UNITED STATES
                     SECURITIES AND EXCHANGE COMMISSION
                          WASHINGTON, D.C. 20549

                                 FORM 10-K/A
                               (Amendment No. 2)
              ANNUAL REPORT PURSUANT TO SECTION 13 OR 15(d)
                   OF THE SECURITIES EXCHANGE ACT OF 1934


For the fiscal year ended January 29, 2005 (Fiscal 2004)

                     Commission File Number 0-15898

                      CASUAL MALE RETAIL GROUP, INC.
           (Exact name of registrant as specified in its charter)

Delaware     				                     04-2623104
(State or other jurisdiction of 	(IRS Employer Identification No.)
incorporation or organization)

 555 Turnpike Street, Canton, MA 				    02021
(Address of principal executive offices)			(Zip Code)

                             (781) 828-9300
            (Registrant's telephone number, including area code)

Securities registered pursuant to Section 12(b) of the Act:
                                None

Securities registered pursuant to Section 12(g) of the Act:
                   Common Stock, $0.01 par value
                          (Title of Class)
                          _________________

Indicate by check mark whether the registrant (1) has filed all reports
required to be filed by Section 13 or 15(d) of the Securities Exchange
Act of 1934 during the preceding 12 months (or for such shorter period
that the registrant was required to file such reports), and (2) has been
subject to such filing requirements for the past 90 days. Yes X  No

Indicate by check mark if disclosure of delinquent filers pursuant to
Item 405 of Regulation S-K is not contained herein, and will not be
contained, to the best of the registrant's knowledge, in definitive proxy
or information statements incorporated by reference in Part III of this
Form 10-K or any amendment to this Form 10-K. [ ]
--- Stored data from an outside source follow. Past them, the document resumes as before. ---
lemma moment_diff_le_anchor_sum:
  assumes rm1: "rmmdp S A Z T \<nu> M1 w1 \<mu>1" and rm2: "rmmdp S A Z T \<nu> M2 w2 \<mu>2"
    and x: "x \<in> Etot S A H (min H (M1+M2-1)) (Xset S A Z (min H (M1+M2-1)) \<delta> M1 w1 \<mu>1 M2 w2 \<mu>2)"
    and z: "z \<in> lists_of_len Z H"
  shows "\<bar>moment M1 w1 \<mu>1 x z - moment M2 w2 \<mu>2 x z\<bar>
     \<le> \<delta> * (\<Sum>C\<in>{C\<in>Pow {..<H}. card C < M1+M2}. \<Sum>J\<in>Pow C.
          real (card Z) ^ card J * (\<Prod>j<H. anchor_kernel Z \<mu>1 \<mu>2 M1 C J j (x!j) (z!j)))"
proof -
  define v where "v k t = joint_reward \<mu>1 \<mu>2 k (x!t) (z!t)" for k t
  define Cs where "Cs = {C\<in>Pow {..<H}. card C < M1+M2}"
  have xl: "length x = H" "set x \<subseteq> S \<times> A" using x unfolding Etot_def by auto
  have zl: "length z = H" "set z \<subseteq> Z" using z unfolding lists_of_len_def by auto
  have fZ: "finite Z" "Z \<noteq> {}" using rm1 unfolding rmmdp_def by auto
  have diff: "moment M1 w1 \<mu>1 x z - moment M2 w2 \<mu>2 x z
      = (\<Sum>k\<in>joint_ctxs M1 M2. signed_weight w1 w2 k * (\<Prod>s<H. v k s))"
    unfolding v_def by (rule moment_diff_eq[OF xl(1) zl(1)])
  have "\<bar>\<Sum>k\<in>joint_ctxs M1 M2. signed_weight w1 w2 k * (\<Prod>s<H. v k s)\<bar>
      \<le> \<delta> * (\<Sum>C\<in>Cs. \<Sum>J\<in>Pow C. \<Prod>s\<in>{..<H}-J. v (joint_ctx M1 (rank_in C s)) s)"
    unfolding Cs_def
  proof (rule signed_mixture_prod_bound[where v = v and c = "signed_weight w1 w2" and \<kappa> = "joint_ctx M1",
        OF joint_ctxs_subset])
    fix j t assume jt: "j < M1 + M2" "t < H"
    have "x!t \<in> S \<times> A" "z!t \<in> Z" using nth_mem[of t x] nth_mem[of t z] xl zl jt(2) by auto
    from joint_reward_kernel[OF rm1 rm2 joint_ctx_in_joint_ctxs[OF jt(1)] this(1)] this(2)
    show "v (joint_ctx M1 j) t \<ge> 0" unfolding v_def by blast
  next
    fix J assume J: "J \<subseteq> {..<H}" "card J < M1 + M2"
    have "card J \<le> H" using card_mono[OF _ J(1)] by simp
    then have card_J: "card J \<le> min H (M1 + M2 - 1)" using J(2) by linarith
    have J_in_x: "length z = length x" "J \<subseteq> {..<length x}" using J(1) xl(1) zl(1) by auto
    from Etot_moment_diff_le[OF x min.cobounded1 J(1) card_J z]
    show "\<bar>\<Sum>k\<in>joint_ctxs M1 M2. signed_weight w1 w2 k * (\<Prod>t\<in>J. v k t)\<bar> \<le> \<delta>"
      unfolding moment_diff_nths_eq[OF J_in_x] v_def .
  qed
  also have "\<dots> = \<delta> * (\<Sum>C\<in>Cs. \<Sum>J\<in>Pow C.
      real (card Z) ^ card J * (\<Prod>j<H. anchor_kernel Z \<mu>1 \<mu>2 M1 C J j (x!j) (z!j)))"
  proof -
    have "(\<Prod>s\<in>{..<H}-J. v (joint_ctx M1 (rank_in C s)) s)
        = real (card Z) ^ card J * (\<Prod>j<H. anchor_kernel Z \<mu>1 \<mu>2 M1 C J j (x!j) (z!j))"
      if "C \<in> Cs" "J \<in> Pow C" for C J
    proof -
      have "J \<subseteq> {..<H}" using that unfolding Cs_def by auto
      then show ?thesis unfolding v_def by (rule prod_anchor_kernel[OF _ fZ])
    qed
    then show ?thesis by (intro arg_cong2[where f="(*)"] sum.cong refl) auto
  qed
  finally show ?thesis unfolding diff Cs_def .
qed

lemma policy_weighted_moment_diff_le:
  assumes "rmmdp S A Z T \<nu> M1 w1 \<mu>1" "rmmdp S A Z T \<nu> M2 w2 \<mu>2"
    and x: "x \<in> Etot S A H (min H (M1+M2-1)) (Xset S A Z (min H (M1+M2-1)) \<delta> M1 w1 \<mu>1 M2 w2 \<mu>2)"
    and "\<pi> \<in> policies S A"
  shows "(\<Sum>z\<in>lists_of_len Z H. policy_weight \<pi> x z * \<bar>moment M1 w1 \<mu>1 x z - moment M2 w2 \<mu>2 x z\<bar>)
     \<le> \<delta> * (\<Sum>C\<in>{C\<in>Pow {..<H}. card C < M1+M2}. \<Sum>J\<in>Pow C.
          real (card Z) ^ card J * averaged_policy_weight Z (anchor_kernel Z \<mu>1 \<mu>2 M1 C J) \<pi> x)"
proof -
  define Cs where "Cs = {C\<in>Pow {..<H}. card C < M1+M2}"
  define g where "g C J z = real (card Z) ^ card J * (\<Prod>j<H. anchor_kernel Z \<mu>1 \<mu>2 M1 C J j (x!j) (z!j))"
    for C J z
  have xl: "length x = H" "set x \<subseteq> S \<times> A" using x unfolding Etot_def by auto
  have "(\<Sum>z\<in>lists_of_len Z H. policy_weight \<pi> x z * \<bar>moment M1 w1 \<mu>1 x z - moment M2 w2 \<mu>2 x z\<bar>)
      \<le> (\<Sum>z\<in>lists_of_len Z H. policy_weight \<pi> x z * (\<delta> * (\<Sum>C\<in>Cs. \<Sum>J\<in>Pow C. g C J z)))"
    unfolding Cs_def g_def using policy_weight_nonneg[OF assms(4) xl(2)]
    by (intro sum_mono mult_left_mono moment_diff_le_anchor_sum[OF assms(1-3)])
  also have "\<dots> = \<delta> * (\<Sum>C\<in>Cs. \<Sum>J\<in>Pow C. \<Sum>z\<in>lists_of_len Z H. g C J z * policy_weight \<pi> x z)"
    by (simp add: sum_distrib_left sum_distrib_right mult_ac sum.swap[of _ "lists_of_len Z H"])
  also have "\<dots> = \<delta> * (\<Sum>C\<in>Cs. \<Sum>J\<in>Pow C.
      real (card Z) ^ card J * averaged_policy_weight Z (anchor_kernel Z \<mu>1 \<mu>2 M1 C J) \<pi> x)"
    unfolding averaged_policy_weight_def g_def xl(1) by (simp add: sum_distrib_left mult_ac)
  finally show ?thesis unfolding Cs_def .
qed

section \<open>Bounding the total variation on E\<close>

lemma sum_abs_traj_prob_diff_eq:
  assumes E: "E \<subseteq> {x. length x = H \<and> set x \<subseteq> S \<times> A}" and "H > 0"
    and rm1: "rmmdp S A Z T \<nu> M1 w1 \<mu>1" and \<pi>: "\<pi> \<in> policies S A"
  shows "(\<Sum>\<tau>\<in>{\<tau>\<in>trajs S A Z H. sa_part \<tau> \<in> E}.
            \<bar>traj_prob T \<nu> M1 w1 \<mu>1 \<pi> \<tau> - traj_prob T \<nu> M2 w2 \<mu>2 \<pi> \<tau>\<bar>)
       = (\<Sum>x\<in>E. dynamics_weight T \<nu> x
            * (\<Sum>z\<in>lists_of_len Z H. policy_weight \<pi> x z * \<bar>moment M1 w1 \<mu>1 x z - moment M2 w2 \<mu>2 x z\<bar>))"
  unfolding sum_trajs_mk_traj[OF E] sum_distrib_left
proof (intro sum.cong refl)
  fix x z assume "x \<in> E" "z \<in> lists_of_len Z H"
  then have x: "set x \<subseteq> S \<times> A" "x \<noteq> []" and z: "length z = length x"
    using E \<open>H > 0\<close> unfolding lists_of_len_def by auto
  have "0 \<le> dynamics_weight T \<nu> x" using dynamics_weight_bounds[OF rm1 x(2,1)] by simp
  moreover have "0 \<le> policy_weight \<pi> x z" by (rule policy_weight_nonneg[OF \<pi> x(1)])
  ultimately show "\<bar>traj_prob T \<nu> M1 w1 \<mu>1 \<pi> (mk_traj x z) - traj_prob T \<nu> M2 w2 \<mu>2 \<pi> (mk_traj x z)\<bar>
      = dynamics_weight T \<nu> x * (policy_weight \<pi> x z * \<bar>moment M1 w1 \<mu>1 x z - moment M2 w2 \<mu>2 x z\<bar>)"
    unfolding traj_prob_mk_traj[OF z x(2)] by (simp add: right_diff_distrib[symmetric] abs_mult mult.assoc)
qed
Indicate by check mark whether the registrant is an accelerated filer (as
defined in Rule 12b-2 of the Act). Yes X No

As of July 31, 2004, the aggregate market value of the Common Stock held
by non-affiliates of the registrant was approximately $156.1 million,
based on the last reported sale price on that date. Shares of Common
Stock held by each executive officer and director and by each person who
owns 10% or more of the outstanding Common Stock have been excluded on
the basis that such persons may be deemed to be affiliates. This
determination of affiliate status is not necessarily determinative for
other purposes.

The registrant had 34,250,912 shares of Common Stock, $0.01 par value,
outstanding as of May 1, 2005.

                 DOCUMENTS INCORPORATED BY REFERENCE
                                   None.


Explanatory Note

This Amendment No. 2 on Form 10-K/A is being filed to amend the
registrant's Amendment No. 1 on Form 10-K/A for the fiscal year ended
January 29, 2005 ("Amendment No. 1") solely to include the certifications
required by Rule 13a-14(a) of the Securities Exchange Act of 1934, which
were inadvertently omitted from Amendment No. 1.


SIGNATURE

Pursuant to the requirements of Section 13 or 15(d) of the Securities
Exchange Act of 1934, the registrant has duly caused this report to be
signed on its behalf by the undersigned, thereunto duly authorized.

		                               CASUAL MALE RETAIL GROUP, INC.
June 3, 2005

		                              By: /s/ Dennis R. Hernreich
                          			Dennis R. Hernreich
                         			Executive Vice President and
                        			Chief Financial Officer



Index to Exhibits

Exhibits

31.1 Certification of Chief Executive Officer of the Company pursuant
      to Rule 13a-14(a) under the Securities Exchange Act of 1934.

31.2	Certification of Chief Financial Officer of the Company pursuant
      to Rule 13a-14(a) under the Securities Exchange Act of 1934.